W tegorocznej siódmej edycji Ministerstwo Nauki i Szkolnictwa Wyższego uhonorowało 171 naukowców, chociaż kandydatów było ponad 800. Najlepsi z nich, w tym doktor Ruman, dostaną 4145 tys. zł miesięcznie przez 3 lata. W sumie wartość stypendium to 150 tys. zł!

- Będę mógł spokojnie pracować, nie martwiąc się wiecznie o pieniądze, skupić się na tym, co najistotniejsze, czyli na badaniach naukowych - mówi 31-letni naukowiec.

Profesor na uczelni

Gdy po raz pierwszy go poznaliśmy, a było to 8 lat temu, jako 23-latek obronił właśnie pracę doktorską z chemii.

Żartowaliśmy, że jak tak dalej pójdzie, jeszcze przed trzydziestką ma szanse zostać profesorem. Mimo bardzo młodego wieku, dorobku naukowego mógłby mu już wtedy pozazdrościć niejeden profesor.

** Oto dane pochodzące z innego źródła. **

(* Let $k\ge 1$ be an integer, let $\beta\in\mathbb{R}_{>1}$ be a Parry number and let $U_\beta$ be the corresponding canonical Parry--Bertrand numeration system. Let $\mathbf{s}$ be a binary $U_\beta$-automatic sequence, generated by a DFAO $\mathcal{B}$. Then $C_{2k}(\mathbf{s},N)\gg N$; that is, there exists a constant $c>0$, depending only on $\beta$, $k$ and the number of states of $\mathcal{B}$, such that $C_{2k}(\mathbf{s},N)\ge cN$ for all sufficiently large $N$.
   Context: Correlation measure: for a sequence $\mathbf{s}=(\mathbf{s}(n))_{n\ge0}$ over $\{0,1\}$, an integer $k\ge1$, a vector $D=(d_1,\dots,d_k)\in\mathbb{N}^k$ with $0\le d_1<d_2<\cdots<d_k$ and $M\in\mathbb{N}$, put $V(\mathbf{s},M,D)=\sum_{n=0}^{M-1}(-1)^{\mathbf{s}(n+d_1)+\cdots+\mathbf{s}(n+d_k)}$. The $N$th correlation measure of order $k$ is $C_k(\mathbf{s},N)=\max_{M,D}|V(\mathbf{s},M,D)|$, the maximum taken over all such $D$ and all integers $M$ with $M+d_k\le N$. $\beta$-expansions: for $\beta>1$, let $A_\beta=\{0,1,\dots,\lceil\beta\rceil-1\}$; for $x\in[0,1)$, $d_\beta(x)$ is the greedy expansion $x=\sum_{j\ge1}c_j\beta^{-j}$ with $c_j\in A_\beta$, and $d_\beta(1)=\lim_{x\to1^-}d_\beta(x)$. $\beta$ is a Parry number if $d_\beta(1)$ is ultimately periodic. Canonical numeration $U_\beta$: write $d_\beta(1)=t(1)\cdots t(m)(t(m+1)\cdots t(m+k'))^\omega$ with $m,k'\ge0$ minimal. Set $U_\beta(0)=1$, $U_\beta(i)=t(1)U_\beta(i-1)+\cdots+t(i)U_\beta(0)+1$ for $1\le i\le m+k'-1$, and for $n\ge m+k'$: $U_\beta(n)=t(1)U_\beta(n-1)+\cdots+t(m+k')U_\beta(n-m-k')+U_\beta(n-k')-t(1)U_\beta(n-k'-1)-\cdots-t(m)U_\beta(n-m-k')$. Every $n\ge0$ has a greedy representation $n=\sum_{i=0}^t c_iU_\beta(i)$; $\mathrm{rep}_{U_\beta}(n)=c_t\cdots c_0$ (with $c_t\neq 0$; $\mathrm{rep}(0)$ is the empty word), and $L_\beta=\{\mathrm{rep}_{U_\beta}(n):n\ge0\}$. A binary sequence $\mathbf{s}$ is $U_\beta$-automatic if there is a deterministic finite automaton with output (DFAO) $\mathcal{B}$ over the digit alphabet, with outputs in $\{0,1\}$, such that $\mathbf{s}(n)$ is the output of $\mathcal{B}$ on input $\mathrm{rep}_{U_\beta}(n)$ for all $n\ge0$. *)

theory Defs
  imports Complex_Main
begin

definition beta_T :: "real \<Rightarrow> real \<Rightarrow> real" where
  "beta_T \<beta> x = \<beta> * x - of_int \<lfloor>\<beta> * x\<rfloor>"

definition beta_digit :: "real \<Rightarrow> real \<Rightarrow> nat \<Rightarrow> nat" where
  "beta_digit \<beta> x j = nat \<lfloor>\<beta> * ((beta_T \<beta> ^^ (j - 1)) x)\<rfloor>"

text \<open>d_beta(1) = lim_{x \<rightarrow> 1-} d_beta(x), the limit taken digitwise
  (product of discrete topologies): digit j of d_beta(1) is the value that digit j of
  d_beta(x) eventually takes as x tends to 1 from the left.\<close>
definition dbeta1 :: "real \<Rightarrow> nat \<Rightarrow> nat" where
  "dbeta1 \<beta> j = (THE c. \<forall>\<^sub>F x in at_left 1. beta_digit \<beta> x j = c)"

definition ult_periodic_from :: "(nat \<Rightarrow> nat) \<Rightarrow> nat \<Rightarrow> nat \<Rightarrow> bool" where
  "ult_periodic_from t m p \<longleftrightarrow> p > 0 \<and> (\<forall>n>m. t (n + p) = t n)"

definition parry :: "real \<Rightarrow> bool" where
  "parry \<beta> \<longleftrightarrow> \<beta> > 1 \<and> (\<exists>m p. ult_periodic_from (dbeta1 \<beta>) m p)"

text \<open>Minimal preperiod m and minimal period k' of d_beta(1) = t(1)...t(m)(t(m+1)...t(m+k'))^omega.\<close>
definition parry_m :: "real \<Rightarrow> nat" where
  "parry_m \<beta> = (LEAST m. \<exists>p. ult_periodic_from (dbeta1 \<beta>) m p)"

definition parry_k :: "real \<Rightarrow> nat" where
  "parry_k \<beta> = (LEAST p. ult_periodic_from (dbeta1 \<beta>) (parry_m \<beta>) p)"

definition U_step :: "(nat \<Rightarrow> nat) \<Rightarrow> nat \<Rightarrow> nat \<Rightarrow> int list \<Rightarrow> int" where
  "U_step t m kp xs = (let n = length xs in
     if n = 0 then 1
     else if n < m + kp then (\<Sum>j=1..n. int (t j) * xs ! (n - j)) + 1
     else (\<Sum>j=1..m+kp. int (t j) * xs ! (n - j)) + xs ! (n - kp)
          - (\<Sum>j=1..m. int (t j) * xs ! (n - kp - j)))"

primrec U_list :: "(nat \<Rightarrow> nat) \<Rightarrow> nat \<Rightarrow> nat \<Rightarrow> nat \<Rightarrow> int list" where
  "U_list t m kp 0 = []"
| "U_list t m kp (Suc n) = U_list t m kp n @ [U_step t m kp (U_list t m kp n)]"

definition U_beta :: "real \<Rightarrow> nat \<Rightarrow> int" where
  "U_beta \<beta> n = U_list (dbeta1 \<beta>) (parry_m \<beta>) (parry_k \<beta>) (Suc n) ! n"

primrec greedy_digits :: "(nat \<Rightarrow> nat) \<Rightarrow> nat \<Rightarrow> nat \<Rightarrow> nat list" where
  "greedy_digits U 0 r = [r div U 0]"
| "greedy_digits U (Suc i) r = (r div U (Suc i)) # greedy_digits U i (r mod U (Suc i))"

definition rep_U :: "real \<Rightarrow> nat \<Rightarrow> nat list" where
  "rep_U \<beta> n = (let U = (\<lambda>i. nat (U_beta \<beta> i)) in
     if n = 0 then [] else greedy_digits U (GREATEST i. U i \<le> n) n)"

definition dfao :: "nat \<Rightarrow> (nat \<Rightarrow> nat \<Rightarrow> nat) \<Rightarrow> nat \<Rightarrow> (nat \<Rightarrow> nat) \<Rightarrow> bool" where
  "dfao Q \<delta> q0 out \<longleftrightarrow> q0 < Q \<and> (\<forall>q d. q < Q \<longrightarrow> \<delta> q d < Q) \<and> (\<forall>q<Q. out q \<le> 1)"

definition generated_by :: "real \<Rightarrow> (nat \<Rightarrow> nat \<Rightarrow> nat) \<Rightarrow> nat \<Rightarrow> (nat \<Rightarrow> nat) \<Rightarrow> (nat \<Rightarrow> nat) \<Rightarrow> bool" where
  "generated_by \<beta> \<delta> q0 out s \<longleftrightarrow> (\<forall>n. s n = out (foldl \<delta> q0 (rep_U \<beta> n)))"

definition corrV :: "(nat \<Rightarrow> nat) \<Rightarrow> nat \<Rightarrow> nat list \<Rightarrow> int" where
  "corrV s M D = (\<Sum>n<M. (-1) ^ (\<Sum>d\<leftarrow>D. s (n + d)))"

- Praca doktorska Tomasza Rumana przedstawia wyniki, które wcześniej były opublikowane w kilkunastu liczących się międzynarodowych czasopismach naukowych. To bezprecedensowe osiągnięcie w skali kraju - podkreślał wówczas prof. dr hab. inż. Henryk Galina, dziekan wydz. chemicznego PRz. - Po raz pierwszy opisano i udowodniono strukturę chiralnego związku boru. Jakie to ma znaczenie? Na razie poznawcze.

Tomasz śmieje się, że dużo się od tego czasu zmieniło. Ma już habilitację, a w kwietniu tego roku dostał tytuł uczelnianego profesora.

- Do habilitacji potrzebna mi była nowa, własna tematyka badawcza. Mówiąc krótko, musiałem pchnąć naukę w swojej dziedzinie do przodu w zauważalny sposób. Współpracowałem w tym okresie z profesorem Wojciechem Rode z Instytutu Biologii Doświadczalnej im. M. Nenckiego PAN w Warszawie.

Testy już niedługo

W jakim kierunku poszedł?

- Otrzymywania i badania potencjalnych leków przeciwnowotworowych i anty-HIV. Badania enzymu syntazy tymidylanowej, który jest celem w tej terapii - tłumaczy.

Dostali z ministerstwa najpierw grant w wysokości 200 tys. zł, potem drugi na 250 tys. zł. Kolokwium habilitacyjne miał we wrześniu przed rokiem, w Centrum Badań Molekularnych i Makromolekularnych PAN w Łodzi.

Dziś Tomasz Ruman jest jednym z najmłodszych doktorów habilitowanych w dziedzinie chemii w kraju! Jego praca nad nowymi związkami jest bardzo zaawansowana i niedługo planuje testy biologiczne. Na próbkach wyizolowanego z krwi zwierzęcej enzymu.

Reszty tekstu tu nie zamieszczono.